MapReduce of "Attack on Big Data" series of tutorials

1. MapReduce installation

(1) Overview of distributed computing

 

Visit master:8088 to check whether yarn is started successfully.

(2) Verify that mapreduce is installed successfully

Run the mapreduce regular matching example included in the hadoop installation package.

 You can see the following output on the console, indicating that the mapReduce task is running, and you can see the task execution record on the yarn monitoring interface.
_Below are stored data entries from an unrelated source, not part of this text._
definition word_of_walks :: "nat \<Rightarrow> nat \<Rightarrow> (nat \<Rightarrow> int list) \<Rightarrow> bool list list" where
  "word_of_walks n N W = map (\<lambda>t. map (\<lambda>i. W i ! t < W i ! Suc t) [0..<n]) [0..<N]"

lemma nth_walks_of_word:
  "i < n \<Longrightarrow> t \<le> N \<Longrightarrow> walks_of_word n N bs i ! t = level n i + prefix_wt2 bs t i"
  by (simp add: walks_of_word_def del: upt_Suc)

lemma length_walks_of_word: "i < n \<Longrightarrow> length (walks_of_word n N bs i) = Suc N"
  by (simp add: walks_of_word_def del: upt_Suc)

lemma walks_of_word_in_noncolliding:
  assumes bs: "bs \<in> zero_weight_lattice_words n N"
  shows "walks_of_word n N bs \<in> noncolliding_walk_systems n N (level n)"
proof -
  let ?W = "walks_of_word n N bs"
  have len: "length bs = N" and wt: "\<And>k. k < n \<Longrightarrow> prefix_wt2 bs N k = 0"
    and dom: "\<And>t. t \<le> N \<Longrightarrow> dominant_B n (prefix_wt2 bs t)"
    using bs by (auto simp: zero_weight_lattice_words_def tensor_power_def prefix_wt2_def)
  have "?W i \<in> nonneg_walks N (level n i) (level n i)" if i: "i < n" for i
  proof -
    have "i \<le> n - 1" using i by simp
    then have "0 \<le> prefix_wt2 bs t i" if "t \<le> N" for t
      using dominant_B_antimono[OF dom[OF that]] dom[OF that] i by (force simp: dominant_B_def)
    moreover have "\<bar>prefix_wt2 bs (Suc t) i - prefix_wt2 bs t i\<bar> = 1" if "t < N" for t
      using that len by (simp add: prefix_wt2_Suc spin_wt2_def)
    moreover have "0 \<le> level n i" by (simp add: level_def)
    ultimately show ?thesis
      using i wt[OF i] by (simp add: nonneg_walks_def nth_walks_of_word length_walks_of_word)
  qed
  moreover have "collisions n N ?W = {}"
  proof -
    have "?W j ! t < ?W i ! t" if "t \<le> N" "i < j" "j < n" for t i j
      using that dominant_B_antimono[OF dom[OF that(1)], of i j]
      by (simp add: nth_walks_of_word level_def)
    then show ?thesis by (force simp: collisions_def)
  qed
  ultimately show ?thesis
    by (simp add: noncolliding_walk_systems_def walks_of_word_def PiE_iff)
qed

lemma prefix_wt2_word_of_walks:
  assumes W: "W \<in> noncolliding_walk_systems n N (level n)" and "i < n" "t \<le> N"
  shows "prefix_wt2 (word_of_walks n N W) t i = W i ! t - level n i"
  using \<open>t \<le> N\<close>
proof (induction t)
  case 0
  then show ?case
    using noncolliding_walk_systemsD(1)[OF W \<open>i < n\<close>] by (simp add: nonneg_walks_def)
next
  case (Suc t)
  have "\<bar>W i ! Suc t - W i ! t\<bar> = 1"
    using noncolliding_walk_systemsD(1)[OF W \<open>i < n\<close>] Suc.prems by (simp add: nonneg_walks_def)
  with Suc show ?case
    using \<open>i < n\<close> by (auto simp: prefix_wt2_Suc word_of_walks_def spin_wt2_def)
qed

lemma word_of_walks_in_lattice_words:
  assumes n: "1 \<le> n" and W: "W \<in> noncolliding_walk_systems n N (level n)"
  shows "word_of_walks n N W \<in> zero_weight_lattice_words n N"
proof -
  let ?bs = "word_of_walks n N W"
  note walks = noncolliding_walk_systemsD(1)[OF W]
  have apart: "\<forall>s\<le>N. W i ! s \<noteq> W j ! s" if "i < j" "j < n" for i j
    using noncolliding_walk_systemsD(3)[OF W] that by (auto simp: collisions_def)
  note X = prefix_wt2_word_of_walks[OF W]
  have "dominant_B n (prefix_wt2 ?bs t)" if t: "t \<le> N" for t
  proof -
    have "W i ! t + 2 \<le> W (i - 1) ! t" if "1 \<le> i" "i < n" for i
      using that t apart[of "i - 1" i]
      by (intro noncolliding_walks_gap[OF walks[of "i - 1"] walks[of i]]) (auto simp: level_def)
    then have "prefix_wt2 ?bs t i \<le> prefix_wt2 ?bs t (i - 1)" if "1 \<le> i" "i < n" for i
      using that t X[of i t] X[of "i - 1" t] by (simp add: level_def)
    moreover have "0 \<le> W (n - 1) ! t" using walks[of "n - 1"] n t by (simp add: nonneg_walks_def)
    ultimately show ?thesis using n t X[of "n - 1" t] by (simp add: dominant_B_def level_def)
  qed
  moreover have "tens_wt2 ?bs k = 0" if "k < n" for k
    using X[OF that order_refl] walks[OF that]
    by (simp add: prefix_wt2_def word_of_walks_def nonneg_walks_def)
  ultimately show ?thesis
    by (simp add: zero_weight_lattice_words_def tensor_power_def spin_elems_def word_of_walks_def)
qed

lemma word_of_walks_of_word:
  assumes "bs \<in> zero_weight_lattice_words n N"
  shows "word_of_walks n N (walks_of_word n N bs) = bs"
proof -
  have len: "length bs = N" and letters: "\<And>t. t < N \<Longrightarrow> length (bs ! t) = n"
    using assms by (auto simp: zero_weight_lattice_words_def tensor_power_def spin_elems_def)
  show ?thesis
    by (rule nth_equalityI)
      (auto simp: word_of_walks_def len letters nth_walks_of_word prefix_wt2_Suc spin_wt2_def
        intro!: nth_equalityI split: if_splits)
qed

lemma walks_of_word_of_walks:
  assumes W: "W \<in> noncolliding_walk_systems n N (level n)"
  shows "walks_of_word n N (word_of_walks n N W) = W"
proof
  fix i
  show "walks_of_word n N (word_of_walks n N W) i = W i"
  proof (cases "i < n")
    case True
    then have "length (W i) = Suc N"
      using noncolliding_walk_systemsD(1)[OF W] by (simp add: nonneg_walks_def)
    then show ?thesis
      using True by (intro nth_equalityI)
        (auto simp: walks_of_word_def prefix_wt2_word_of_walks[OF W] simp del: upt_Suc)
  next
    case False
    then show ?thesis using noncolliding_walk_systemsD(2)[OF W] by (simp add: walks_of_word_def)
  qed
qed

lemma card_zero_weight_lattice_words:
  assumes "1 \<le> n"
  shows "card (zero_weight_lattice_words n N) = card (noncolliding_walk_systems n N (level n))"
  by (rule bij_betw_same_card[of "walks_of_word n N"], rule bij_betw_byWitness[of _ "word_of_walks n N"])
    (use assms in \<open>auto simp: word_of_walks_of_word walks_of_word_of_walks
      walks_of_word_in_noncolliding word_of_walks_in_lattice_words\<close>)

theorem theorem4p1:
  fixes n m :: nat
  assumes "n \<ge> 1" and "m \<ge> 1"
  shows "int (card (trivial_components n (2 * m))) = det (hankel_cat n m)"
proof -
  have "int (card (trivial_components n (2 * m))) =
      int (card (noncolliding_walk_systems n (2 * m) (level n)))"
    using assms(1) by (simp add: trivial_components_eq_zero_weight_lattice_words card_zero_weight_lattice_words)
  also have "\<dots> = det (walk_count_mat n (2 * m))"
    unfolding walk_count_mat_def by (rule lindstroem_gessel_viennot[symmetric]) (auto simp: level_def)
  also have "\<dots> = det (hankel_cat n m)"
    using assms(1) by (rule det_hankel_cat[symmetric])
  finally show ?thesis .
qed

end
Two, hadoop serialization mechanism


Use hadoop's writeable interface to achieve serialization


<dependency>
  <groupId>org.apache.hadoop</groupId>
  <artifactId>hadoop-client</artifactId>
  <version>2.7.5</version>
<dependency>
@Data
@NoArgsConstructor
@AllArgsConstructor
@ToString
public class BlockWritable implements Writable {

    private long blockId;

    private long numBytes;

    private long generationStamp;

    @Override
    public void write(DataOutput out) throws IOException {
        out.writeLong(blockId);
        out.writeLong(numBytes);
        out.writeLong(generationStamp);
    }

    @Override
    public void readFields(DataInput in) throws IOException {
        this.blockId = in.readLong();
        this.numBytes = in.readLong();
        this.generationStamp = in.readLong();
    }



    public static void main(String[] args) throws IOException {
        //序列化
        BlockWritable blockWritable = new BlockWritable(34234L, 234324345L, System.currentTimeMillis());
        DataOutputStream dataOutputStream = new DataOutputStream(new FileOutputStream("D:/block.txt"));
        blockWritable.write(dataOutputStream);
        //反序列化
        Writable writable = WritableFactories.newInstance(BlockWritable.class);
        DataInputStream dataInputStream = new DataInputStream(new FileInputStream("D:/block.txt"));
        writable.readFields(dataInputStream);
        System.out.println((BlockWritable) writable);
    }
}

A set of serialization mechanism encapsulated by hadoop, the file size after serialization is much smaller than that of java serialization. In the case of a large amount of data, the performance is greatly improved.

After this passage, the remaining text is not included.